Exercise instructions - Check every line of the data below for "longleftrightarrow". Copy each one that has it.

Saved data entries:
(* Suppose Assumption A holds and let $\{x^k\}$ be an infinite sequence generated by Algorithm 1 with $G_k\in\mathcal{S}_{\ell,\mu}(F,x^k)$ for all $k$ (fixed $\ell\in K$, $\mu\in\mathrm{int}(K)$). Then $\{x^k\}$ has at least one accumulation point, and every accumulation point of $\{x^k\}$ is a $K$-stationary point of $\min_K F(x)$.
   Context: $K\subset\mathbb{R}^m$ is a closed, convex, pointed cone with nonempty interior; $y\preceq_K y'$ means $y'-y\in K$. $K^*=\{c:\langle c,y\rangle\ge0\ \forall y\in K\}$, and $C$ is a compact convex set with $0\notin C$, $\mathrm{cone}(C)=K^*$. $F:\mathbb{R}^n\to\mathbb{R}^m$ is differentiable with Jacobian $JF$. A point $x^*$ is $K$-stationary if $\mathrm{range}(JF(x^* ))\cap(-\mathrm{int}(K))=\emptyset$. For differentiable $\Phi$: strongly $K$-convex with $\mu\in K$ means $J\Phi(x)(y-x)+\tfrac12\|y-x\|^2\mu\preceq_K\Phi(y)-\Phi(x)$ for all $x,y$; $K$-smooth with $\ell\in K$ means $\Phi(y)-\Phi(x)\preceq_K J\Phi(x)(y-x)+\tfrac12\|y-x\|^2\ell$ for all $x,y$. Surrogate class $\mathcal{S}_{\ell,\mu}(F,x^k)$ ($\ell\in K$, $\mu\in\mathrm{int}(K)$): differentiable $G_k$ strongly $K$-convex with $\mu$ such that, with $x^{k+1}$ the minimizer of $x\mapsto\max_{c^*\in C}\langle c^*,G_k(x)\rangle$ and $H_k:=G_k-F+F(x^k)$: $F(x^{k+1})-F(x^k)\preceq_K G_k(x^{k+1})$; $H_k$ is $K$-smooth with $\ell$, $H_k(x^k)=0$, $JH_k(x^k)=0$. Algorithm 1: from $x^0$, for $k=0,1,\dots$ choose $G_k\in\mathcal{S}_{\ell,\mu}(F,x^k)$ and set $x^{k+1}:=\arg\min_{x}\max_{c^*\in C}\langle c^*,G_k(x)\rangle$; stop if $x^{k+1}=x^k$. Assumption A: (i) the level set $\mathcal{L}_F(x^0)=\{x:F(x)\preceq_K F(x^0)\}$ is bounded; (ii) whenever $\mathcal{K}$ is an infinite index set with $x^k\to x^*$ along $\mathcal{K}$, $G_k\in\mathcal{S}_{\ell,\mu}(F,x^k)$, and $\max_{c^*\in C}\langle c^*,G_k(x^{k+1})\rangle\to0$ along $\mathcal{K}$, then $x^*$ is $K$-stationary. *)

theory Defs
  imports "HOL-Analysis.Analysis"
begin

definition Kle :: "'b::euclidean_space set \<Rightarrow> 'b \<Rightarrow> 'b \<Rightarrow> bool" where
  "Kle K y y' \<longleftrightarrow> y' - y \<in> K"

definition proper_cone :: "'b::euclidean_space set \<Rightarrow> bool" where
  "proper_cone K \<longleftrightarrow> cone K \<and> closed K \<and> convex K \<and> K \<inter> uminus ` K = {0} \<and> interior K \<noteq> {}"

definition dual_cone :: "'b::euclidean_space set \<Rightarrow> 'b set" where
  "dual_cone K = {c. \<forall>y\<in>K. 0 \<le> c \<bullet> y}"

definition scal :: "'b::euclidean_space set \<Rightarrow> 'b \<Rightarrow> real" where
  "scal C v = Sup ((\<lambda>c. c \<bullet> v) ` C)"

definition K_stationary ::
  "'b::euclidean_space set \<Rightarrow> ('a::euclidean_space \<Rightarrow> 'a \<Rightarrow> 'b) \<Rightarrow> 'a \<Rightarrow> bool" where
  "K_stationary K JF x \<longleftrightarrow> range (JF x) \<inter> uminus ` interior K = {}"

definition strongly_K_convex ::
  "'b::euclidean_space set \<Rightarrow> ('a::euclidean_space \<Rightarrow> 'b) \<Rightarrow> 'b \<Rightarrow> bool" where
  "strongly_K_convex K \<Phi> \<mu> \<longleftrightarrow> (\<exists>J\<Phi>. (\<forall>x. (\<Phi> has_derivative J\<Phi> x) (at x)) \<and>
     (\<forall>x y. Kle K (J\<Phi> x (y - x) + ((1/2) * (norm (y - x))\<^sup>2) *\<^sub>R \<mu>) (\<Phi> y - \<Phi> x)))"

definition K_smooth ::
  "'b::euclidean_space set \<Rightarrow> ('a::euclidean_space \<Rightarrow> 'b) \<Rightarrow> 'b \<Rightarrow> bool" where
  "K_smooth K \<Phi> ell \<longleftrightarrow> (\<exists>J\<Phi>. (\<forall>x. (\<Phi> has_derivative J\<Phi> x) (at x)) \<and>
     (\<forall>x y. Kle K (\<Phi> y - \<Phi> x) (J\<Phi> x (y - x) + ((1/2) * (norm (y - x))\<^sup>2) *\<^sub>R ell)))"

definition surrogates ::
  "'b::euclidean_space set \<Rightarrow> 'b set \<Rightarrow> 'b \<Rightarrow> 'b \<Rightarrow> ('a::euclidean_space \<Rightarrow> 'b) \<Rightarrow> 'a \<Rightarrow> ('a \<Rightarrow> 'b) set" where
  "surrogates K C ell \<mu> F xk = {G.
     strongly_K_convex K G \<mu> \<and>
     (\<forall>z. is_arg_min (\<lambda>x. scal C (G x)) (\<lambda>_. True) z \<longrightarrow> Kle K (F z - F xk) (G z)) \<and>
     (let H = (\<lambda>x. G x - F x + F xk) in
        K_smooth K H ell \<and> H xk = 0 \<and> (H has_derivative (\<lambda>_. 0)) (at xk))}"

end

theory Submission
  imports Defs
begin

text \<open>
  Since C generates the dual cone and K, being a closed convex cone, is its own bidual,
  y \<preceq>_K y' holds exactly when c \<bullet> y \<le> c \<bullet> y' for all c in C. The surrogate
  G_k vanishes at x^k, so the minimal value phi_k = scal C (G_k x^{k+1}) is nonpositive, and
  for every c in C the value c \<bullet> F x^k drops by at least -phi_k in step k. Hence the iterates
  stay in the bounded level set, which yields accumulation points; moreover c \<bullet> F x^k is
  decreasing and bounded below, so its decrements, and with them phi_k, tend to zero, and
  Assumption A(ii) gives stationarity.
\<close>

lemma mem_cone_if_dual_cone_nonneg:
  fixes K :: "'b::euclidean_space set"
  assumes "cone K" "closed K" "convex K" "0 \<in> K"
    and "\<And>c. c \<in> dual_cone K \<Longrightarrow> 0 \<le> c \<bullet> v"
  shows "v \<in> K"
proof (rule ccontr)
  assume "v \<notin> K"
  then obtain a b where ab: "a \<bullet> v < b" "\<forall>y\<in>K. b < a \<bullet> y"
    using separating_hyperplane_closed_point[OF assms(3,2)] by blast
  have b_neg: "b < 0" using ab(2) assms(4) by force
  have "a \<in> dual_cone K"
    unfolding dual_cone_def
  proof (clarify)
    fix y assume y: "y \<in> K"
    show "0 \<le> a \<bullet> y"
    proof (rule ccontr)
      assume neg: "\<not> 0 \<le> a \<bullet> y"
      define t where "t = b / (a \<bullet> y)"
      have "t \<ge> 0" using neg b_neg unfolding t_def by (simp add: divide_nonpos_neg)
      then have "t *\<^sub>R y \<in> K" using assms(1) y unfolding cone_def by blast
      then have "b < a \<bullet> (t *\<^sub>R y)" using ab(2) by blast
      also have "a \<bullet> (t *\<^sub>R y) = b" using neg unfolding t_def by simp
      finally show False by simp
    qed
  qed
  then show False using assms(5) ab(1) b_neg by fastforce
qed

lemma Kle_iff_generators:
  fixes K C :: "'b::euclidean_space set"
  assumes "proper_cone K" "cone hull C = dual_cone K"
  shows "Kle K y y' \<longleftrightarrow> (\<forall>c\<in>C. c \<bullet> y \<le> c \<bullet> y')"
proof
  assume "Kle K y y'"
  then show "\<forall>c\<in>C. c \<bullet> y \<le> c \<bullet> y'"
    using assms(2) hull_subset[of C cone]
    unfolding Kle_def dual_cone_def by (fastforce simp: inner_diff_right)
next
  assume gen: "\<forall>c\<in>C. c \<bullet> y \<le> c \<bullet> y'"
  have "y' - y \<in> K"
  proof (rule mem_cone_if_dual_cone_nonneg)
    show "cone K" "closed K" "convex K" "0 \<in> K"
      using assms(1) unfolding proper_cone_def by auto
    fix c assume "c \<in> dual_cone K"
    then obtain t c' where "c = t *\<^sub>R c'" "0 \<le> t" "c' \<in> C"
      using assms(2) cone_hull_expl[of C] by blast
    then show "0 \<le> c \<bullet> (y' - y)"
      using gen by (simp add: inner_diff_right mult_left_mono)
  qed
  then show "Kle K y y'" unfolding Kle_def .
qed

lemma dual_cone_generators_nonempty:
  assumes "cone hull C = dual_cone K"
  shows "C \<noteq> {}"
proof
  assume "C = {}"
  then have "dual_cone K = {}" using assms cone_hull_empty by metis
  moreover have "0 \<in> dual_cone K" unfolding dual_cone_def by simp
  ultimately show False by simp
qed

lemma inner_le_scal:
  assumes "compact C" "c \<in> C"
  shows "c \<bullet> v \<le> scal C v"
proof -
  obtain B where B: "\<forall>c\<in>C. norm c \<le> B"
    using compact_imp_bounded[OF assms(1)] bounded_iff by blast
  have "\<forall>c\<in>C. c \<bullet> v \<le> B * norm v"
    using B by (metis Cauchy_Schwarz_ineq2 abs_le_D1 mult_right_mono norm_ge_zero order_trans)
  then have "bdd_above ((\<lambda>c. c \<bullet> v) ` C)" by (auto simp: bdd_above_def)
  then show ?thesis unfolding scal_def using assms(2) by (rule cSUP_upper2) simp
qed

lemma scal_zero: "C \<noteq> {} \<Longrightarrow> scal C 0 = 0"
  unfolding scal_def by simp

lemma surrogate_vanishes_at_center:
  "G \<in> surrogates K C ell \<mu> F xk \<Longrightarrow> G xk = 0"
  unfolding surrogates_def Let_def by auto

lemma surrogate_step_value_nonpos:
  assumes "C \<noteq> {}" "G \<in> surrogates K C ell \<mu> F xk"
    and "is_arg_min (\<lambda>z. scal C (G z)) (\<lambda>_. True) z"
  shows "scal C (G z) \<le> 0"
  using assms surrogate_vanishes_at_center[OF assms(2)] scal_zero[OF assms(1)]
  unfolding is_arg_min_def by (metis not_le)

lemma surrogate_step_descent:
  assumes "proper_cone K" "compact C" "cone hull C = dual_cone K" "c \<in> C"
    and "G \<in> surrogates K C ell \<mu> F xk"
    and "is_arg_min (\<lambda>z. scal C (G z)) (\<lambda>_. True) z"
  shows "c \<bullet> F z - c \<bullet> F xk \<le> scal C (G z)"
proof -
  have "Kle K (F z - F xk) (G z)"
    using assms(5,6) unfolding surrogates_def by auto
  then have "c \<bullet> (F z - F xk) \<le> c \<bullet> G z"
    using Kle_iff_generators[OF assms(1,3)] assms(4) by blast
  also have "\<dots> \<le> scal C (G z)"
    by (rule inner_le_scal[OF assms(2,4)])
  finally show ?thesis by (simp add: inner_diff_right)
qed

lemma decrements_tendsto_zero:
  fixes a phi :: "nat \<Rightarrow> real"
  assumes "\<And>k. B \<le> a k" "\<And>k. a (Suc k) - a k \<le> phi k" "\<And>k. phi k \<le> 0"
  shows "phi \<longlonglongrightarrow> 0"
proof -
  have "decseq a"
    unfolding decseq_Suc_iff using assms(2,3) by (smt (verit))
  then obtain L where "a \<longlonglongrightarrow> L"
    using decseq_convergent assms(1) by blast
  then have "(\<lambda>k. a (Suc k) - a k) \<longlonglongrightarrow> L - L"
    by (intro tendsto_diff LIMSEQ_Suc)
  then have "(\<lambda>k. a (Suc k) - a k) \<longlonglongrightarrow> 0" by simp
  from tendsto_sandwich[OF _ _ this tendsto_const] show ?thesis
    using assms(2,3) by simp
qed

lemma bounded_continuous_image:
  fixes f :: "'a::heine_borel \<Rightarrow> 'b::metric_space"
  assumes "continuous_on UNIV f" "bounded S"
  shows "bounded (f ` S)"
proof (rule bounded_closure_image)
  have "compact (closure S)" using assms(2) by (simp add: compact_eq_bounded_closed bounded_closure)
  then show "bounded (f ` closure S)"
    using assms(1) by (intro compact_imp_bounded compact_continuous_image)
      (auto intro: continuous_on_subset)
qed

lemma inner_bounded_below:
  fixes c :: "'b::real_inner"
  assumes "bounded (range f)"
  obtains B where "\<And>k. B \<le> c \<bullet> f k"
proof -
  obtain M where M: "\<And>k. norm (f k) \<le> M" using assms unfolding bounded_iff by auto
  have "- (norm c * M) \<le> c \<bullet> f k" for k
  proof -
    have "\<bar>c \<bullet> f k\<bar> \<le> norm c * norm (f k)" by (rule Cauchy_Schwarz_ineq2)
    also have "\<dots> \<le> norm c * M" using M[of k] by (simp add: mult_left_mono)
    finally show ?thesis by linarith
  qed
  then show ?thesis using that by blast
qed

theorem theorem1:
  fixes K C :: "'b::euclidean_space set"
    and F :: "'a::euclidean_space \<Rightarrow> 'b"
    and JF :: "'a \<Rightarrow> 'a \<Rightarrow> 'b"
    and ell \<mu> :: 'b
    and x :: "nat \<Rightarrow> 'a"
    and G :: "nat \<Rightarrow> 'a \<Rightarrow> 'b"
  assumes K: "proper_cone K"
    and C: "compact C" "convex C" "0 \<notin> C" "cone hull C = dual_cone K"
    and F: "\<And>z. (F has_derivative JF z) (at z)"
    and ell: "ell \<in> K" and \<mu>: "\<mu> \<in> interior K"
    and G: "\<And>k. G k \<in> surrogates K C ell \<mu> F (x k)"
    and step: "\<And>k. is_arg_min (\<lambda>z. scal C (G k z)) (\<lambda>_. True) (x (Suc k))"
    and infinite: "\<And>k. x (Suc k) \<noteq> x k"
    and A1: "bounded {z. Kle K (F z) (F (x 0))}"
    and A2: "\<And>r xs. strict_mono r \<Longrightarrow> (x \<circ> r) \<longlonglongrightarrow> xs \<Longrightarrow>
               (\<lambda>j. scal C (G (r j) (x (Suc (r j))))) \<longlonglongrightarrow> 0 \<Longrightarrow> K_stationary K JF xs"
  shows "(\<exists>r a. strict_mono r \<and> (x \<circ> r) \<longlonglongrightarrow> a) \<and>
         (\<forall>r a. strict_mono r \<and> (x \<circ> r) \<longlonglongrightarrow> a \<longrightarrow> K_stationary K JF a)"
proof -
  define phi where "phi k = scal C (G k (x (Suc k)))" for k
  have "C \<noteq> {}" using C(4) by (rule dual_cone_generators_nonempty)
  then obtain c0 where c0: "c0 \<in> C" by blast
  have phi_nonpos: "phi k \<le> 0" for k
    unfolding phi_def using surrogate_step_value_nonpos[OF \<open>C \<noteq> {}\<close> G step] .
  have descent: "c \<bullet> F (x (Suc k)) - c \<bullet> F (x k) \<le> phi k" if "c \<in> C" for c k
    unfolding phi_def using surrogate_step_descent[OF K C(1,4) that G step] .
  have "c \<bullet> F (x k) \<le> c \<bullet> F (x 0)" if "c \<in> C" for c k
  proof (induction k)
    case (Suc k)
    then show ?case using descent[OF that, of k] phi_nonpos[of k] by linarith
  qed simp
  then have "range x \<subseteq> {z. Kle K (F z) (F (x 0))}"
    using Kle_iff_generators[OF K C(4)] by auto
  then have x_bounded: "bounded (range x)" using A1 by (rule bounded_subset[rotated])
  moreover have "continuous_on UNIV F"
    using F by (intro continuous_at_imp_continuous_on ballI has_derivative_continuous)
  ultimately have "bounded (range (F \<circ> x))"
    by (metis bounded_continuous_image image_comp)
  then obtain B where "\<And>k. B \<le> c0 \<bullet> (F \<circ> x) k" using inner_bounded_below by blast
  then have "phi \<longlonglongrightarrow> 0"
    using descent[OF c0] phi_nonpos
    by (intro decrements_tendsto_zero[where a = "\<lambda>k. c0 \<bullet> F (x k)"]) auto
  then have "K_stationary K JF a" if "strict_mono r" "(x \<circ> r) \<longlonglongrightarrow> a" for r a
    using A2[OF that] LIMSEQ_subseq_LIMSEQ[OF _ that(1), of phi] by (simp add: phi_def o_def)
  then show ?thesis
    using bounded_imp_convergent_subsequence[OF x_bounded] by blast
qed

end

Exercise solution -
  "Kle K y y' \<longleftrightarrow> y' - y \<in> K"
  "proper_cone K \<longleftrightarrow> cone K \<and> closed K \<and> convex K \<and> K \<inter> uminus ` K = {0} \<and> interior K \<noteq> {}"
  "K_stationary K JF x \<longleftrightarrow> range (JF x) \<inter> uminus ` interior K = {}"
  "strongly_K_convex K \<Phi> \<mu> \<longleftrightarrow> (\<exists>J\<Phi>. (\<forall>x. (\<Phi> has_derivative J\<Phi> x) (at x)) \<and>
  "K_smooth K \<Phi> ell \<longleftrightarrow> (\<exists>J\<Phi>. (\<forall>x. (\<Phi> has_derivative J\<Phi> x) (at x)) \<and>
  shows "Kle K y y' \<longleftrightarrow> (\<forall>c\<in>C. c \<bullet> y \<le> c \<bullet> y')"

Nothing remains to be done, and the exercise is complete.